---- MATERIAL FOR THIS TASK
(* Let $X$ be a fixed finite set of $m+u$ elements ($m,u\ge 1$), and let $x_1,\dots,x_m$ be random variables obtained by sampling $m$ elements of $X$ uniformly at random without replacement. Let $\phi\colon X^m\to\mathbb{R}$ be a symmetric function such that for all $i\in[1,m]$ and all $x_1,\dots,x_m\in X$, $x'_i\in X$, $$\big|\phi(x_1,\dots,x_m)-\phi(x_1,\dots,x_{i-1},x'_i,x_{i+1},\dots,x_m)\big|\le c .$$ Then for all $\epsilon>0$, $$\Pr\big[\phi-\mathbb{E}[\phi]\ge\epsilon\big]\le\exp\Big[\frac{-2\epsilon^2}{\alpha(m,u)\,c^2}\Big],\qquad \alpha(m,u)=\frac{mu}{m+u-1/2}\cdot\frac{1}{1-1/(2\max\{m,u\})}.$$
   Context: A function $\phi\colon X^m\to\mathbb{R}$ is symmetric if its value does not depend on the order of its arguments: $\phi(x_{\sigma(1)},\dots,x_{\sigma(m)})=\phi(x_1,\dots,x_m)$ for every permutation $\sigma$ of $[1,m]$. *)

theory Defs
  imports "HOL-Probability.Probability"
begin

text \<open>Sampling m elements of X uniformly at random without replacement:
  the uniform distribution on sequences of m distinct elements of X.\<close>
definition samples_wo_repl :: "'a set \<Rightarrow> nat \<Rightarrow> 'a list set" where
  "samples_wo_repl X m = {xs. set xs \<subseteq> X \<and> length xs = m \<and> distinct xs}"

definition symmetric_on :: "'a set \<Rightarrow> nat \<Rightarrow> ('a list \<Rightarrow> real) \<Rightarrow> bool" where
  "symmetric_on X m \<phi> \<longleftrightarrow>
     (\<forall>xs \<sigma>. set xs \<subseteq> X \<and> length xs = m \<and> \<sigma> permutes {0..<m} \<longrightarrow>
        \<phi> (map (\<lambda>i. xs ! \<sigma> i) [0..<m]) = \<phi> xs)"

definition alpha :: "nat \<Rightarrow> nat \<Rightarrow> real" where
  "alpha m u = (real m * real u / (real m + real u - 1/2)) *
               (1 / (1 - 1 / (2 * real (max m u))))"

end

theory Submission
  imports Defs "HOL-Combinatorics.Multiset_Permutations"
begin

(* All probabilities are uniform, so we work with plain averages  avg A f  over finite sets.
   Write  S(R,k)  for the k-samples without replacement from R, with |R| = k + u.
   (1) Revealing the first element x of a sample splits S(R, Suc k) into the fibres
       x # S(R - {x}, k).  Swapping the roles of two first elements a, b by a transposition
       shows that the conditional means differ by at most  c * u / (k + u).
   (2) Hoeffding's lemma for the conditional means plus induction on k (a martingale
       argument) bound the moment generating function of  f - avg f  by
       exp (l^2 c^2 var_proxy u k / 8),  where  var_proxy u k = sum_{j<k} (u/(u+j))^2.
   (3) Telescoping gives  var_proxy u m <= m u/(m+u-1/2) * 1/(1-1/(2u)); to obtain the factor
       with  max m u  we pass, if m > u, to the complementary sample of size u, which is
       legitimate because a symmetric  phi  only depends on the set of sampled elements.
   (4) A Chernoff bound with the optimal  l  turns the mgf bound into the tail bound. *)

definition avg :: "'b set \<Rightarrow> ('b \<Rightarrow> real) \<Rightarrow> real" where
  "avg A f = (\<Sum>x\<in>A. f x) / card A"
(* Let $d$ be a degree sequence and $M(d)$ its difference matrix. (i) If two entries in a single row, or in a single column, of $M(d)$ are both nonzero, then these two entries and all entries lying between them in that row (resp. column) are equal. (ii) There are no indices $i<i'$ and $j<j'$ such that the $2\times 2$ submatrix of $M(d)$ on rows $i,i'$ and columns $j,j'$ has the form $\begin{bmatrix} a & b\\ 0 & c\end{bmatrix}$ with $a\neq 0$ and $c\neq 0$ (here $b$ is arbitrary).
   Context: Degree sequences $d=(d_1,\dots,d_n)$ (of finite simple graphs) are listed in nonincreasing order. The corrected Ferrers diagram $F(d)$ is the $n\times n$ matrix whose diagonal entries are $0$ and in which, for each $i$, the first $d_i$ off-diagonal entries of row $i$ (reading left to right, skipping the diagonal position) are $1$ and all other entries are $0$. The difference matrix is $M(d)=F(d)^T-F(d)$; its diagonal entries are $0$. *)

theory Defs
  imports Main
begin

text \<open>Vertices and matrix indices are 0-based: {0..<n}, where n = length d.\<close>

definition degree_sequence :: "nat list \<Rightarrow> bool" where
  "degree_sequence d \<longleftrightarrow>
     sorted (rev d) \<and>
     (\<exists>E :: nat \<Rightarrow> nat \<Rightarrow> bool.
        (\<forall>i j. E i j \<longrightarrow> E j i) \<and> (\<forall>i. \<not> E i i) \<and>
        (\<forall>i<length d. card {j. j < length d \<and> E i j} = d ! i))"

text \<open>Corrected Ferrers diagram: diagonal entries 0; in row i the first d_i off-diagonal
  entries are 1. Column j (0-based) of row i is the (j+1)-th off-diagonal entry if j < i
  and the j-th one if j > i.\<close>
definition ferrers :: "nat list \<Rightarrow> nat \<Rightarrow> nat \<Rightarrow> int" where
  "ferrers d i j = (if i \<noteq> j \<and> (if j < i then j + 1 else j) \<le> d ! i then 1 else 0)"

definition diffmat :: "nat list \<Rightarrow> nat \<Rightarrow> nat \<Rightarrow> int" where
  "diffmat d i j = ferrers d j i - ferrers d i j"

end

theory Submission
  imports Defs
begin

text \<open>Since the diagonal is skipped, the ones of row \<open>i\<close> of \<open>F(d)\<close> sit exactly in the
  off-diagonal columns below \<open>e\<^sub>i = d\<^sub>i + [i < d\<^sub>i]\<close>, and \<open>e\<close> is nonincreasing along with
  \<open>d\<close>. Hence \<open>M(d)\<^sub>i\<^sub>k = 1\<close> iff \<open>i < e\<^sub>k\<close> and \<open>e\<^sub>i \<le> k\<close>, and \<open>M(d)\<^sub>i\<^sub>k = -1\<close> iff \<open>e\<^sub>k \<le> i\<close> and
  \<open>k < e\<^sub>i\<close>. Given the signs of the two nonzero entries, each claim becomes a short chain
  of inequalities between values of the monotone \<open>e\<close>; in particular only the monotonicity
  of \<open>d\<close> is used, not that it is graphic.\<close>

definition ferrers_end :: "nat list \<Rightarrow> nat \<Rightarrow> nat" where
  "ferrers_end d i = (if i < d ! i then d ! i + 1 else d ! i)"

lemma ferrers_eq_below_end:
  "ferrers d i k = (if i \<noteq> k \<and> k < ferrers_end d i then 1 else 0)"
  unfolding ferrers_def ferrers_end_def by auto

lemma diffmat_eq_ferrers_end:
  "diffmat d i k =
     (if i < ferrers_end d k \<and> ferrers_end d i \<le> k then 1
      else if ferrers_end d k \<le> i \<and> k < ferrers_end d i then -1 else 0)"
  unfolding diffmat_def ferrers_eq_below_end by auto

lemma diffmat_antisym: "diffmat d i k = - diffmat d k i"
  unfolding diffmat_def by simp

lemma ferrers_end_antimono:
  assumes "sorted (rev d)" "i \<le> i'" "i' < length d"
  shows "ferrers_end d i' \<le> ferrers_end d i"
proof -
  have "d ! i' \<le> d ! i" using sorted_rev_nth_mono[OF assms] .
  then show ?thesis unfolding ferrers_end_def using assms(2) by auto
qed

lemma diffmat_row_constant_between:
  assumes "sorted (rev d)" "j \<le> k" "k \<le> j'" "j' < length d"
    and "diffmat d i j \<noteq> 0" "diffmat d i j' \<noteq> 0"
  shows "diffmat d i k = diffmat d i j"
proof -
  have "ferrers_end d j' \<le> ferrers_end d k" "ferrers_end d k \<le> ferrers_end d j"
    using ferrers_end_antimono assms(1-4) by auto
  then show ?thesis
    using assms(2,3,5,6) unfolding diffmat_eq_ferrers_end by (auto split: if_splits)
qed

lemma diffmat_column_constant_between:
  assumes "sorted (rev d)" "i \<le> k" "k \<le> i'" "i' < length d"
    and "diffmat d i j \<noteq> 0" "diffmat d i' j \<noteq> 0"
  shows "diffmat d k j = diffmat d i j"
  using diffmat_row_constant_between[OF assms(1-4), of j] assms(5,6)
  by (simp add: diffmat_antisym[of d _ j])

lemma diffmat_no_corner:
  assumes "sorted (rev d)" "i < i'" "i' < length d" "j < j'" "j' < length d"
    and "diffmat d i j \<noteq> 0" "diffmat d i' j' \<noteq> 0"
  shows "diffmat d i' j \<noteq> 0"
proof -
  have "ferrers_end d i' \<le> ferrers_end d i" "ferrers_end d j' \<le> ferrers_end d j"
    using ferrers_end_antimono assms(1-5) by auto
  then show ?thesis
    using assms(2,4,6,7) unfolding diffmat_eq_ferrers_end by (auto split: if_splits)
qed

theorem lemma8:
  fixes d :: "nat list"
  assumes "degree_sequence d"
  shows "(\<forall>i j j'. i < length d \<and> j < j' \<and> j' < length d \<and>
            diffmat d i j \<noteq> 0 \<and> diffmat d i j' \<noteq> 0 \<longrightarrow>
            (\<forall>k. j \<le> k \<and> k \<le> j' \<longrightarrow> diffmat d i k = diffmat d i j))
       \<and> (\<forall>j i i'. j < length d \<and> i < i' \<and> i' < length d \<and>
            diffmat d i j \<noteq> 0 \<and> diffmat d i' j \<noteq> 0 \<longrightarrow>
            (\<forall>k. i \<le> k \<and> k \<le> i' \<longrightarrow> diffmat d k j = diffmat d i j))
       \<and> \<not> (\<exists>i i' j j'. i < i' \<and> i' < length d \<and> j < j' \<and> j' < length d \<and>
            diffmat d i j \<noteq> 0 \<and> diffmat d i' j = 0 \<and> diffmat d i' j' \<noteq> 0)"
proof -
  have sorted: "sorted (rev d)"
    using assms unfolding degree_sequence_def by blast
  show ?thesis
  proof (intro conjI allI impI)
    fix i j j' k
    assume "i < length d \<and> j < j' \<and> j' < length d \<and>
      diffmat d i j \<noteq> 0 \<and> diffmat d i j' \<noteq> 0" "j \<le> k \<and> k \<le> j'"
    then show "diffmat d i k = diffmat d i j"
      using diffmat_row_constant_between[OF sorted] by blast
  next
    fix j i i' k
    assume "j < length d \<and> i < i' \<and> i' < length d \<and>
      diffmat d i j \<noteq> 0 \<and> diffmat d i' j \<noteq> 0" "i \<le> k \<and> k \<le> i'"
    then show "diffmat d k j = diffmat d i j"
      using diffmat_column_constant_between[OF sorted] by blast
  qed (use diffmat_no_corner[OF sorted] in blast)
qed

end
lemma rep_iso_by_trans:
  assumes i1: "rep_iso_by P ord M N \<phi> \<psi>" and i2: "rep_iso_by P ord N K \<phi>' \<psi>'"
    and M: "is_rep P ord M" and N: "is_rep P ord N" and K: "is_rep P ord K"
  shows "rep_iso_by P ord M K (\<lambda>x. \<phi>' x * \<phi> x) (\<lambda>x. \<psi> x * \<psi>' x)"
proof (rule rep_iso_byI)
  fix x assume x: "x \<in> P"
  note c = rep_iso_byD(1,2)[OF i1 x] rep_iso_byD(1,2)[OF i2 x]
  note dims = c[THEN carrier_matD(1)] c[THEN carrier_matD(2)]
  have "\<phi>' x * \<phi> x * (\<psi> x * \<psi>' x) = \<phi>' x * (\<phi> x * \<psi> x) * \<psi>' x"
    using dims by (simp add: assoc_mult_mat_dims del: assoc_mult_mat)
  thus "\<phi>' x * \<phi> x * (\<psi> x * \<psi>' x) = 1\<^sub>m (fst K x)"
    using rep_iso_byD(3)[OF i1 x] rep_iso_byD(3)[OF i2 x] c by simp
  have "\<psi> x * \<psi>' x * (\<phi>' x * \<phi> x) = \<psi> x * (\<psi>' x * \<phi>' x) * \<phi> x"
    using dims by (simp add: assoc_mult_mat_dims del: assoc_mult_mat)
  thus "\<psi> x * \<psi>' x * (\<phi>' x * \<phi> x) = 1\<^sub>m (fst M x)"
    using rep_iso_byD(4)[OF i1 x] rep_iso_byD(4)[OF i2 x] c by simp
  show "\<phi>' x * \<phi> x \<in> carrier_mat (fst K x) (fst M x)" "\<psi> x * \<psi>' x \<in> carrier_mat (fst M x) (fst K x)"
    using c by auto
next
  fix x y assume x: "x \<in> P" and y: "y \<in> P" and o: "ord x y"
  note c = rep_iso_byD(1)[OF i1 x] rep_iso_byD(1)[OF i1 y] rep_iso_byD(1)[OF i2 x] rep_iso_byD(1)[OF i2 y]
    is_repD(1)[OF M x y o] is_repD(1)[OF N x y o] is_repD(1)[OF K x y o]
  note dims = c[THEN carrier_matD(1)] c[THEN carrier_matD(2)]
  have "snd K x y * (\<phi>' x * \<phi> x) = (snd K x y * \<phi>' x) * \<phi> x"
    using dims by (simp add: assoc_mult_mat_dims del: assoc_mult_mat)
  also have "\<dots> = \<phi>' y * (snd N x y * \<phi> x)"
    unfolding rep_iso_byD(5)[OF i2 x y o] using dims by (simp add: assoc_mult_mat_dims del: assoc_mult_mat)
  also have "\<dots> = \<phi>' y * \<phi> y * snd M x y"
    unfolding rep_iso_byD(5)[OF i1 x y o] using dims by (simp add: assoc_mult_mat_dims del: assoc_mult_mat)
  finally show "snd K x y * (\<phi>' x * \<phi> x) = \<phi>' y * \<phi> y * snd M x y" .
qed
--------
— WHAT IS REQUIRED —
Copy out each line of the data where the string "blast" appears.

— EXPECTED ANSWER —
    using assms unfolding degree_sequence_def by blast
      using diffmat_row_constant_between[OF sorted] by blast
      using diffmat_column_constant_between[OF sorted] by blast
  qed (use diffmat_no_corner[OF sorted] in blast)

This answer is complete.